METHODS:Three hundred ninety-one patients with angina were enrolled at 2 regional centers over 12 months from November 2016 (NCT03193294). INOCA subjects (n=185; 47%) had more limiting dyspnea (New York Heart Association classification III/IV 54% versus 37%; odds ratio [OR], 2.0 [1.3–3.0]; P=0.001) and were more likely to be female (68% INOCA versus 38% in coronary artery disease; OR, 1.9 [1.5 to 2.5]; P<0.001) but with lower cardiovascular risk scores (ASSIGN score median 20% versus 24%; P=0.003). INOCA subjects had similar burden of angina (Seattle Angina Questionnaire) but reduced quality of life compared with coronary artery disease; subjects (EQ5D-5 L index 0.60 versus 0.65 units; P=0.041).

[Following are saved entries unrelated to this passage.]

section \<open>Membership in Y and in appended languages\<close>

lemma foldr_shuffle_lang_iff:
  assumes "distinct as" and "\<And>a. Lang a \<subseteq> lists {t. base t = a}"
  shows "y \<in> foldr (\<lambda>a acc. shuffle_lang (Lang a) acc) as {[]} \<longleftrightarrow>
    (\<forall>a. proj_tilde a y \<in> (if a \<in> set as then Lang a else {[]}))"
  using assms(1)
proof (induction as arbitrary: y)
  case Nil
  show ?case using proj_tilde_all_Nil[of y] by auto
next
  case (Cons a0 as)
  let ?F = "foldr (\<lambda>a acc. shuffle_lang (Lang a) acc) as {[]}"
  have proj_Lang: "x \<in> Lang a0 \<Longrightarrow> proj_tilde a x = (if a = a0 then x else [])" for x a
    using assms(2) by (intro proj_tilde_letter_word) auto
  show ?case
  proof
    assume "y \<in> foldr (\<lambda>a acc. shuffle_lang (Lang a) acc) (a0 # as) {[]}"
    then obtain x y' where x: "x \<in> Lang a0" and y': "y' \<in> ?F" and y: "y \<in> shuffles x y'"
      by (auto simp: shuffle_lang_def)
    have IH: "proj_tilde a y' \<in> (if a \<in> set as then Lang a else {[]})" for a
      using Cons.IH Cons.prems y' by (meson distinct.simps(2))
    show "\<forall>a. proj_tilde a y \<in> (if a \<in> set (a0 # as) then Lang a else {[]})"
    proof
      fix a
      have "proj_tilde a y \<in> shuffles (proj_tilde a x) (proj_tilde a y')"
        by (rule proj_tilde_shuffles[OF y])
      moreover have "a = a0 \<Longrightarrow> proj_tilde a y' = []"
        using IH[of a] Cons.prems by simp
      ultimately show "proj_tilde a y \<in> (if a \<in> set (a0 # as) then Lang a else {[]})"
        using IH[of a] x by (cases "a = a0") (simp_all add: proj_Lang[OF x])
    qed
  next
    assume y: "\<forall>a. proj_tilde a y \<in> (if a \<in> set (a0 # as) then Lang a else {[]})"
    let ?y' = "filter (\<lambda>t. base t \<noteq> a0) y"
    have "proj_tilde a ?y' \<in> (if a \<in> set as then Lang a else {[]})" for a
      using y[rule_format, of a] Cons.prems by (auto simp: proj_tilde_filter_other)
    then have "?y' \<in> ?F"
      using Cons.IH[of ?y'] Cons.prems by simp
    moreover have "y \<in> shuffles (proj_tilde a0 y) ?y'"
      using partition_in_shuffles[of y "\<lambda>t. base t = a0"] by (simp add: proj_tilde_def)
    moreover have "proj_tilde a0 y \<in> Lang a0"
      using y[rule_format, of a0] by simp
    ultimately show "y \<in> foldr (\<lambda>a acc. shuffle_lang (Lang a) acc) (a0 # as) {[]}"
      by (auto simp: shuffle_lang_def)
  qed
qed

lemma Rm_letter_words: "Rm m R a \<subseteq> lists {t. base t = a}"
  by (auto simp: Rm_def)

lemma Yset_iff: "y \<in> Yset m R \<longleftrightarrow> (\<forall>a. proj_tilde a y \<in> kstar (Rm m R a))"
proof -
  have letter_words: "kstar (Rm m R a) \<subseteq> lists {t. base t = a}" for a
    by (intro kstar_lists Rm_letter_words)
  show ?thesis
    unfolding Yset_def by (simp add: foldr_shuffle_lang_iff[OF enum_distinct letter_words] enum_UNIV)
qed

definition proj_closed :: "'a tl list set \<Rightarrow> bool" where
  "proj_closed B \<longleftrightarrow> (\<forall>x y. x \<in> B \<longrightarrow> (\<forall>a. proj_tilde a y = proj_tilde a x) \<longrightarrow> y \<in> B)"

lemma proj_closed_Yset: "proj_closed (Yset m R)"
  by (simp add: proj_closed_def Yset_iff)

lemma split_last_eq:
  "split_last a w =
     (rev (dropWhile (\<lambda>t. base t \<noteq> a) (rev w)), rev (takeWhile (\<lambda>t. base t \<noteq> a) (rev w)))"
proof -
  let ?P = "\<lambda>t. base t \<noteq> a"
  have w: "w = rev (dropWhile ?P (rev w)) @ rev (takeWhile ?P (rev w))"
    by (metis rev_append rev_rev_ident takeWhile_dropWhile_id)
  have "take (length w - length (rev (takeWhile ?P (rev w)))) w = rev (dropWhile ?P (rev w))"
    by (subst (2) w, subst w) simp
  then show ?thesis by (simp add: split_last_def Let_def)
qed

lemma split_off_last_letters:
  "e \<le> length (proj_tilde a t) \<Longrightarrow>
    \<exists>u z. t = u @ z \<and> (u = [] \<or> base (last u) = a) \<and> length (proj_tilde a z) = e"
proof (induction t arbitrary: e rule: rev_induct)
  case Nil
  then show ?case by auto
next
  case (snoc x t)
  show ?case
  proof (cases "base x = a \<and> e = 0")
    case True
    then show ?thesis by (intro exI[of _ "t @ [x]"] exI[of _ "[]"]) auto
  next
    case False
    then have "e - (if base x = a then 1 else 0) \<le> length (proj_tilde a t)"
      using snoc.prems by auto
    then obtain u z where "t = u @ z" "u = [] \<or> base (last u) = a"
        "length (proj_tilde a z) = e - (if base x = a then 1 else 0)"
      using snoc.IH by blast
    then show ?thesis using False by (intro exI[of _ u] exI[of _ "z @ [x]"]) auto
  qed
qed

lemma append_lang_replicate_iff:
  assumes "proj_closed B"
  shows "t \<in> append_lang B a {replicate e (U a)} \<longleftrightarrow>
    (\<exists>t0\<in>B. proj_tilde a t = proj_tilde a t0 @ replicate e (U a) \<and>
       (\<forall>b. b \<noteq> a \<longrightarrow> proj_tilde b t = proj_tilde b t0))"
proof
  let ?P = "\<lambda>t. base t \<noteq> a"
  assume "t \<in> append_lang B a {replicate e (U a)}"
  then obtain w z where w: "w \<in> B" and t: "t = fst (split_last a w) @ z"
    and z: "z \<in> shuffles (snd (split_last a w)) (replicate e (U a))"
    by (auto simp: append_lang_def)
  let ?u = "rev (dropWhile ?P (rev w))" and ?v = "rev (takeWhile ?P (rev w))"
  have w_split: "w = ?u @ ?v"
    by (metis rev_append rev_rev_ident takeWhile_dropWhile_id)
  have "proj_tilde a ?v = []"
    by (auto simp: proj_tilde_def filter_empty_conv dest: set_takeWhileD)
  moreover have "proj_tilde b (replicate e (U a)) = (if b = a then replicate e (U a) else [])" for b
    by (induction e) auto
  ultimately have "proj_tilde b z = (if b = a then replicate e (U a) else proj_tilde b ?v)" for b
    using proj_tilde_shuffles[OF z, of b] by (auto simp: split_last_eq)
  then show "\<exists>t0\<in>B. proj_tilde a t = proj_tilde a t0 @ replicate e (U a) \<and>
       (\<forall>b. b \<noteq> a \<longrightarrow> proj_tilde b t = proj_tilde b t0)"
  proof (intro bexI[OF _ w] conjI allI impI)
    have t_split: "t = ?u @ z"
      using t by (simp add: split_last_eq)
    have w_proj: "proj_tilde b w = proj_tilde b ?u @ proj_tilde b ?v" for b
      using arg_cong[OF w_split, of "proj_tilde b"] by simp
    show "proj_tilde a t = proj_tilde a w @ replicate e (U a)"
      using w_proj[of a] \<open>proj_tilde a ?v = []\<close> \<open>\<And>b. proj_tilde b z = _\<close>[of a] by (simp add: t_split)
    show "proj_tilde b t = proj_tilde b w" if "b \<noteq> a" for b
      using w_proj[of b] \<open>\<And>b. proj_tilde b z = _\<close>[of b] that by (simp add: t_split)
  qed
next
  let ?P = "\<lambda>t. base t \<noteq> a"
  assume "\<exists>t0\<in>B. proj_tilde a t = proj_tilde a t0 @ replicate e (U a) \<and>
       (\<forall>b. b \<noteq> a \<longrightarrow> proj_tilde b t = proj_tilde b t0)"
  then obtain t0 where t0: "t0 \<in> B" and ta: "proj_tilde a t = proj_tilde a t0 @ replicate e (U a)"
    and tb: "\<forall>b. b \<noteq> a \<longrightarrow> proj_tilde b t = proj_tilde b t0"
    by blast
  obtain u z where t: "t = u @ z" and u: "u = [] \<or> base (last u) = a"
    and z: "length (proj_tilde a z) = e"
    using split_off_last_letters[of e a t] ta by auto
  have za: "proj_tilde a z = replicate e (U a)" and ua: "proj_tilde a u = proj_tilde a t0"
    using ta z unfolding t by (auto simp: append_eq_append_conv)
  let ?v = "filter ?P z"
  have "takeWhile ?P (rev u) = [] \<and> dropWhile ?P (rev u) = rev u"
    using u by (cases u rule: rev_cases) auto
  moreover have "takeWhile ?P (rev ?v @ rev u) = rev ?v @ takeWhile ?P (rev u)"
    by (rule takeWhile_append2) auto
  moreover have "dropWhile ?P (rev ?v @ rev u) = dropWhile ?P (rev u)"
    by (rule dropWhile_append2) auto
  ultimately have "split_last a (u @ ?v) = (u, ?v)"
    by (simp add: split_last_eq)
  moreover have "u @ ?v \<in> B"
  proof -
    have "proj_tilde b (u @ ?v) = proj_tilde b t0" for b
      using ua tb unfolding t by (auto simp: proj_tilde_filter_other)
    then show ?thesis using assms t0 unfolding proj_closed_def by blast
  qed
  moreover have "z \<in> shuffles ?v (replicate e (U a))"
    using partition_in_shuffles[of z ?P] za by (simp add: proj_tilde_def shuffles_commutes)
  ultimately show "t \<in> append_lang B a {replicate e (U a)}"
    unfolding append_lang_def using t by force
qed

lemma foldl_append_lang_iff:
  fixes B :: "('a::enum) tl list set"
  assumes "distinct as" and "proj_closed B"
  shows "s \<in> foldl (\<lambda>B' a. append_lang B' a {map U (filter (\<lambda>b. b = a) f)}) B as \<longleftrightarrow>
    (\<exists>t0\<in>B. \<forall>a. proj_tilde a s =
       proj_tilde a t0 @ (if a \<in> set as then replicate (count_list f a) (U a) else []))"
  using assms(1)
proof (induction as arbitrary: s rule: rev_induct)
  case Nil
  then show ?case using assms(2) by (auto simp: proj_closed_def)
next
  case (snoc b as)
  let ?F = "foldl (\<lambda>B' a. append_lang B' a {map U (filter (\<lambda>b. b = a) f)}) B as"
  let ?e = "\<lambda>as a. if a \<in> set as then replicate (count_list f a) (U a) else []"
  have b: "b \<notin> set as" and IH: "\<And>s. s \<in> ?F \<longleftrightarrow> (\<exists>t0\<in>B. \<forall>a. proj_tilde a s = proj_tilde a t0 @ ?e as a)"
    using snoc by auto
  have "proj_closed ?F"
    unfolding proj_closed_def IH by metis
  then have step: "s \<in> foldl (\<lambda>B' a. append_lang B' a {map U (filter (\<lambda>b. b = a) f)}) B (as @ [b]) \<longleftrightarrow>
    (\<exists>t1\<in>?F. proj_tilde b s = proj_tilde b t1 @ replicate (count_list f b) (U b) \<and>
       (\<forall>c. c \<noteq> b \<longrightarrow> proj_tilde c s = proj_tilde c t1))"
    by (simp add: map_U_filter_eq append_lang_replicate_iff)
  show ?case
  proof
    assume "s \<in> foldl (\<lambda>B' a. append_lang B' a {map U (filter (\<lambda>b. b = a) f)}) B (as @ [b])"
    then obtain t1 t0 where "t0 \<in> B" "\<forall>a. proj_tilde a t1 = proj_tilde a t0 @ ?e as a"
      "proj_tilde b s = proj_tilde b t1 @ replicate (count_list f b) (U b)"
      "\<forall>c. c \<noteq> b \<longrightarrow> proj_tilde c s = proj_tilde c t1"
      using step IH by blast
    then show "\<exists>t0\<in>B. \<forall>a. proj_tilde a s = proj_tilde a t0 @ ?e (as @ [b]) a"
      using b by (intro bexI[of _ t0]) auto
  next
    assume "\<exists>t0\<in>B. \<forall>a. proj_tilde a s = proj_tilde a t0 @ ?e (as @ [b]) a"
    then obtain t0 where t0: "t0 \<in> B" and s: "\<forall>a. proj_tilde a s = proj_tilde a t0 @ ?e (as @ [b]) a"
      by blast
    have "\<exists>t1. \<forall>a. proj_tilde a t1 = (if a = b then proj_tilde b t0 else proj_tilde a s)"
      by (rule exists_word_with_projections) (simp add: proj_tilde_in_lists)
    then obtain t1 where t1: "\<forall>a. proj_tilde a t1 = (if a = b then proj_tilde b t0 else proj_tilde a s)"
      by blast
    have "t1 \<in> ?F"
      using t0 s t1 b by (subst IH) (auto intro!: bexI[of _ t0])
    then show "s \<in> foldl (\<lambda>B' a. append_lang B' a {map U (filter (\<lambda>b. b = a) f)}) B (as @ [b])"
      unfolding step using s t1 b by (intro bexI[of _ t1]) auto
  qed
qed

RESULTS:An interventional diagnostic procedure with reference invasive tests including coronary flow reserve, microvascular resistance, and vasomotor responses to intracoronary acetylcholine (vasospasm provocation) was performed in 151 INOCA subjects. Overall, 78 (52%) had isolated microvascular angina, 25 (17%) had isolated vasospastic angina, 31 (20%) had both, and 17 (11%) had noncardiac chest pain. Regression analysis showed inducible ischemia on treadmill testing (OR, 7.5 [95% CI, 1.7–33.0]; P=0.008) and typical angina (OR, 2.7 [1.1–6.6]; P=0.032) were independently associated with microvascular angina. Female sex tended to associate with a diagnosis of microvascular angina although this was not significant (OR, 2.7 [0.9–7.9]; P=0.063). Vasospastic angina was associated with smoking (OR, 9.5 [2.8–32.7]; P<0.001) and age (OR, 1.1 per year, [1.0–1.2]; P=0.032].

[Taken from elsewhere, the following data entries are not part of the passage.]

text \<open>For \<open>z = (n, x)\<close> put \<open>w = (1, e) z (1, e) = (n + 2, y)\<close>, so that \<open>y e = y\<close>. If \<open>y\<^sup>k\<close> is idempotent,
  then \<open>w\<^bsup>2k\<^esup> = w\<^sup>k (k (n + 2), e)\<close>, and additivity gives \<open>\<phi> w = (n + 2) \<phi> (1, e)\<close>.\<close>

lemma additive_eq_fst_mult:
  assumes fin: "finite S" and e: "e \<in> S" "f e e = e" and column: "\<And>n. 1 \<le> n \<Longrightarrow> (n, e) \<in> U"
    and sub: "U \<subseteq> {1..} \<times> S" and closed: "\<And>x y. x \<in> U \<Longrightarrow> y \<in> U \<Longrightarrow> prod_mult f x y \<in> U"
    and additive: "\<And>x y. x \<in> U \<Longrightarrow> y \<in> U \<Longrightarrow> \<phi> (prod_mult f x y) = \<phi> x + (\<phi> y :: nat)"
    and z: "z \<in> U"
  shows "\<phi> z = fst z * \<phi> (1, e)"
proof -
  define c where "c = \<phi> (1, e)"
  have \<phi>_column: "\<phi> (m, e) = m * c" if "1 \<le> m" for m
    using additive_on_idempotent_column[OF e(2) column additive that] c_def by simp
  have sgU: "semigroup_on U (prod_mult f)"
    using semigroup_on_prod_mult sub closed by blast
  obtain n x where nx: "z = (n, x)"
    by (cases z)
  have x: "x \<in> S"
    using sub z nx by auto
  define y where "y = f (f e x) e"
  have y: "y \<in> S" "f y e = y"
    unfolding y_def using e x by (auto simp: semigroup_on_assoc[OF sg] semigroup_on_closed[OF sg])
  define w where "w = prod_mult f (prod_mult f (1, e) z) (1, e)"
  have e1: "(1, e) \<in> U"
    using column by simp
  have "prod_mult f (1, e) z \<in> U"
    using closed e1 z by blast
  then have w: "w \<in> U" "\<phi> w = \<phi> z + 2 * c"
    unfolding w_def c_def using closed additive e1 z by simp_all
  have w_eq: "w = (n + 2, y)"
    unfolding w_def y_def nx by (simp add: prod_mult_def)
  obtain k where k: "f (spow f y k) (spow f y k) = spow f y k"
    using spow_idempotent[OF sg fin y(1)] by blast
  have "spow (prod_mult f) w (k + k + 1) = prod_mult f (spow (prod_mult f) w k) (Suc k * (n + 2), e)"
  proof -
    have "spow f y (k + k + 1) = spow f y k"
      using spow_add[OF sg y(1), of k k] k by simp
    then show ?thesis
      using spow_right_unit[OF sg y(1) e(1) y(2)] w_eq
      by (simp add: spow_prod_mult prod_mult_def algebra_simps)
  qed
  moreover have "spow (prod_mult f) w k \<in> U" "(Suc k * (n + 2), e) \<in> U"
    using spow_in[OF sgU w(1)] column by simp_all
  ultimately have "\<phi> (spow (prod_mult f) w (k + k + 1))
      = \<phi> (spow (prod_mult f) w k) + \<phi> (Suc k * (n + 2), e)"
    using additive by simp
  moreover have "\<phi> (spow (prod_mult f) w j) = Suc j * \<phi> w" for j
    by (rule additive_spow[OF sgU additive w(1)])
  moreover have "\<phi> (Suc k * (n + 2), e) = Suc k * (n + 2) * c"
    by (rule \<phi>_column) simp
  ultimately have "Suc (k + k + 1) * \<phi> w = Suc k * \<phi> w + Suc k * (n + 2) * c"
    by (simp only:)
  then have "Suc k * \<phi> w = Suc k * ((n + 2) * c)"
    by (simp add: algebra_simps)
  then have "\<phi> w = (n + 2) * c"
    by (simp only: mult_cancel1) simp
  then show ?thesis
    using w(2) nx c_def by simp
qed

CONCLUSIONS:Over three quarters of patients with INOCA have identifiable disorders of coronary vasomotion including microvascular and vasospastic angina. These patients have comparable angina burden but reduced quality of life compared to patients with obstructive coronary artery disease. Microvascular angina and vasospastic angina are distinct disorders that may coexist but differ in associated clinical characteristics, symptoms, and angina severity.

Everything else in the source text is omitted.